5.3. Ethical Considerations

In this study, we constructed a self-built dataset using data collected on a campus, contributed voluntarily by participants. All data were legally obtained or generated through observation without interfering with public behavior, in accordance with item 32 of the Ethical Review Measures for Human Life Science and Medical Research (National Health Commission of the People’s Republic of China, effective 27 February 2023).

In future applications, real-time facial data captured using classroom equipment will remain within the local network, ensuring a closed system with minimal risk.
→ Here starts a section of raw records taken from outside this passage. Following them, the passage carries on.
text \<open>The complement of a top-dimensional cell meets every closed cell in a compact set: the
  boundary sphere for the cell itself, the whole closed cell for the others.\<close>
lemma openin_top_dimensional_cell:
  assumes Hs: "Hausdorff_space X"
    and E: "pairwise disjnt E" "\<Union>E = topspace X" "e0 \<in> E"
    and top: "\<And>e. e \<in> E \<Longrightarrow> d e \<le> d e0"
    and \<phi>: "\<And>e. e \<in> E \<Longrightarrow> continuous_map (subtopology (Euclidean_space (d e)) (cw_disc (d e))) X (\<phi> e)"
    and cell: "\<And>e. e \<in> E \<Longrightarrow> \<phi> e ` cw_open_disc (d e) = e"
    and boundary: "\<And>e. e \<in> E \<Longrightarrow> \<phi> e ` cw_sphere (d e) \<subseteq> \<Union>{e'\<in>E. d e' < d e}"
    and weak: "\<And>C. C \<subseteq> topspace X \<Longrightarrow> (\<forall>e\<in>E. closedin X (C \<inter> \<phi> e ` cw_disc (d e))) \<Longrightarrow> closedin X C"
  shows "openin X e0"
proof -
  have disj: "e = e'" if "x \<in> e" "x \<in> e'" "e \<in> E" "e' \<in> E" for x e e'
    using E(1) that unfolding pairwise_def disjnt_def by blast
  have boundary_e0: "\<phi> e ` cw_sphere (d e) \<inter> e0 = {}" if e: "e \<in> E" for e
  proof -
    have "x \<notin> e0" if "x \<in> e'" "e' \<in> E" "d e' < d e" for x e'
      using disj[OF that(1) _ that(2) E(3)] top[OF e] that(3) by auto
    then show ?thesis using boundary[OF e] by blast
  qed
  have closed_image: "closedin X (\<phi> e ` S)"
    if "e \<in> E" "S \<subseteq> cw_disc (d e)" "compactin (Euclidean_space (d e)) S" for e S
  proof -
    have "compactin (subtopology (Euclidean_space (d e)) (cw_disc (d e))) S"
      using that by (simp add: compactin_subtopology)
    then show ?thesis using image_compactin \<phi>[OF that(1)] compactin_imp_closedin Hs by blast
  qed
  have image_disc: "\<phi> e ` cw_disc (d e) \<subseteq> topspace X" if "e \<in> E" for e
    using \<phi>[OF that] cw_disc_subset_topspace by (auto simp: continuous_map_def Pi_iff)
  have "closedin X ((topspace X - e0) \<inter> \<phi> e ` cw_disc (d e))" if e: "e \<in> E" for e
  proof (cases "e = e0")
    case True
    then have "(topspace X - e0) \<inter> \<phi> e ` cw_disc (d e) = \<phi> e ` cw_sphere (d e)"
      using cell[OF e] boundary_e0[OF e] image_disc[OF e] cw_sphere_subset_disc
      unfolding cw_disc_eq_open_disc_Un_sphere by blast
    then show ?thesis
      using closed_image[OF e cw_sphere_subset_disc compactin_cw_sphere] by simp
  next
    case False
    then have "\<phi> e ` cw_open_disc (d e) \<inter> e0 = {}"
      using cell[OF e] disj[OF _ _ e E(3)] by blast
    then have "(topspace X - e0) \<inter> \<phi> e ` cw_disc (d e) = \<phi> e ` cw_disc (d e)"
      using boundary_e0[OF e] image_disc[OF e] unfolding cw_disc_eq_open_disc_Un_sphere by blast
    then show ?thesis
      using closed_image[OF e order_refl compactin_cw_disc] by simp
  qed
  then have "closedin X (topspace X - e0)" using weak by blast
  moreover have "e0 \<subseteq> topspace X" using E by blast
  ultimately show ?thesis by (simp add: closedin_def double_diff)
qed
All students will be informed in advance and retain the right to opt out of participation. The informed consent process will include transparent explanations of the study’s purpose, data collection procedures, potential risks and benefits, and participants’ rights, including the right to withdraw. Parents or guardians will also be informed as appropriate, and consent will be obtained before any data collection begins.

6. Conclusions

In this study, we optimized the lightweight MobileViT model for resource-constrained environments. By incorporating knowledge distillation into the teacher model, we achieved substantial performance improvements while maintaining comparable parameter counts and memory usage. Building on this optimized network, we introduced a novel application in online education: an emotion analysis framework for online courses. This framework integrates smoothly with existing online learning tools, enabling rapid and precise evaluation of students’ emotions. Through these evaluations, instructors can detect potential negative emotions or confusion among students, supporting improved curriculum design and enhancing the overall quality of online courses.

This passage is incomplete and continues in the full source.